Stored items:
****
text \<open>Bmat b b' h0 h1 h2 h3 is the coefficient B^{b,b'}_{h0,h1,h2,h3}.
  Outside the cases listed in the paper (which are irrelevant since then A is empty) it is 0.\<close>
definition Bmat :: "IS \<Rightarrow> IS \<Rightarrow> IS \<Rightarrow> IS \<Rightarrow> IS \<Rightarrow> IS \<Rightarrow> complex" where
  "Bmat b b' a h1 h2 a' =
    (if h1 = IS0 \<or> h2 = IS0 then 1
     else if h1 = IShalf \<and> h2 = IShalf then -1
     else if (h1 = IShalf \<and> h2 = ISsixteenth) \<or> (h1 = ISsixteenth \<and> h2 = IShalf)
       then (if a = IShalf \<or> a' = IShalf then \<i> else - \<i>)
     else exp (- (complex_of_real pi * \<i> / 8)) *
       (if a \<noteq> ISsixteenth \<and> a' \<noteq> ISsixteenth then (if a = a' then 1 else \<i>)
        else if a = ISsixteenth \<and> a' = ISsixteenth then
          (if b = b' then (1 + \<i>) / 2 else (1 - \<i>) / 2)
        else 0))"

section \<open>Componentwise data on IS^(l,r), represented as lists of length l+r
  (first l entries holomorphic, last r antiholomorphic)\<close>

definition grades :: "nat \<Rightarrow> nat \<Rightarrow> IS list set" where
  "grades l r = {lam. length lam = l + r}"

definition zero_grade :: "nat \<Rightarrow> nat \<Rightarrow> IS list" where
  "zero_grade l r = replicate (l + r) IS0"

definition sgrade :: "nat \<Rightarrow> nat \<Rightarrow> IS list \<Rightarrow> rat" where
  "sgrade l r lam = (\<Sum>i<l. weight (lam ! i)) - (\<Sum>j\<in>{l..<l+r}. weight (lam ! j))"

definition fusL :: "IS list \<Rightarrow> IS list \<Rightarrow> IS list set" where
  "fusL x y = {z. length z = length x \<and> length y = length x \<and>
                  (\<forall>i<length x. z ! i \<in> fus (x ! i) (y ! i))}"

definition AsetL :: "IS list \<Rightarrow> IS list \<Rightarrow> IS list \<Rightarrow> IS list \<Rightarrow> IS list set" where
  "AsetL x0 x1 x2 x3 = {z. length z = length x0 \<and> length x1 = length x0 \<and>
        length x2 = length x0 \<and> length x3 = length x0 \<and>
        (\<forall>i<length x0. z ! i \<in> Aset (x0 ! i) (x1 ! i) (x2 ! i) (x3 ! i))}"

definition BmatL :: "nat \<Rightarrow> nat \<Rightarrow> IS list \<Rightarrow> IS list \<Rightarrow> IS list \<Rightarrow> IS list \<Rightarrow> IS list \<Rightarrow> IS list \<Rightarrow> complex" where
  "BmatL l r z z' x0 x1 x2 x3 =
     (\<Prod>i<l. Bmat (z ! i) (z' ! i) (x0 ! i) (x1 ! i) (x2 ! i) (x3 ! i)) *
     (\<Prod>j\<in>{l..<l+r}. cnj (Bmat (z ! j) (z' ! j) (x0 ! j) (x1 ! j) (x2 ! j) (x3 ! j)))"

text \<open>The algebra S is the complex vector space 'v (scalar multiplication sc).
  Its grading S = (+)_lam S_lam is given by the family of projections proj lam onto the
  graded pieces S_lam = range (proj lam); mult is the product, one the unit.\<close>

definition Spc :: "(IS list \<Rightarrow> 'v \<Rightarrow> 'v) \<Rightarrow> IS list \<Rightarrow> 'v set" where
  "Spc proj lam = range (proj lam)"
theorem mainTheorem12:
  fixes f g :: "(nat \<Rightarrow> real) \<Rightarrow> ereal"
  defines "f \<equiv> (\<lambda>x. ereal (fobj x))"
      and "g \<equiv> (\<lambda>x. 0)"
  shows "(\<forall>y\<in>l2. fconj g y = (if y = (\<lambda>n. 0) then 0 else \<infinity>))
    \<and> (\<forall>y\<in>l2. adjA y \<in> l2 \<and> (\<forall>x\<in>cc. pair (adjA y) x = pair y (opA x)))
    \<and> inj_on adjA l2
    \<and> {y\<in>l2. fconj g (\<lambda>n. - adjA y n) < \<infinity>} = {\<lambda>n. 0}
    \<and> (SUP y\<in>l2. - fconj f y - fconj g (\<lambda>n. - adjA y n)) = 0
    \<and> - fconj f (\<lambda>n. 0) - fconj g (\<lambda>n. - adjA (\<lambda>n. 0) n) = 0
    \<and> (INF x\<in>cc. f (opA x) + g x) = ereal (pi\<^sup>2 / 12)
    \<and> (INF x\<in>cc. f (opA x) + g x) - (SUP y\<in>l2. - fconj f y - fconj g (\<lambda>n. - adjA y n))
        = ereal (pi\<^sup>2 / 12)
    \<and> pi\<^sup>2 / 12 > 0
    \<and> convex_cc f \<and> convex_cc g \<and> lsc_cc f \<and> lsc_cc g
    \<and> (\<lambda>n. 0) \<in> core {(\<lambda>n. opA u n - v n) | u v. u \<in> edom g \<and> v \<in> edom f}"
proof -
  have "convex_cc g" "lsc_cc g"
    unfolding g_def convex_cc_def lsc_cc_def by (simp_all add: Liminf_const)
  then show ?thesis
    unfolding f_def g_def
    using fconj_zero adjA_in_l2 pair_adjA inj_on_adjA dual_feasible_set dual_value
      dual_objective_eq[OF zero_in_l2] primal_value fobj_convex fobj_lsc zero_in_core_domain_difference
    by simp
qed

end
****
### WHAT YOU ARE ASKED TO DO
From the entries above, return exactly the line containing "section \<open>Componentwise data", the line containing "length lam = l", and all lines between, and nothing else.

### YOUR RESPONSE
section \<open>Componentwise data on IS^(l,r), represented as lists of length l+r
  (first l entries holomorphic, last r antiholomorphic)\<close>

definition grades :: "nat \<Rightarrow> nat \<Rightarrow> IS list set" where
  "grades l r = {lam. length lam = l + r}"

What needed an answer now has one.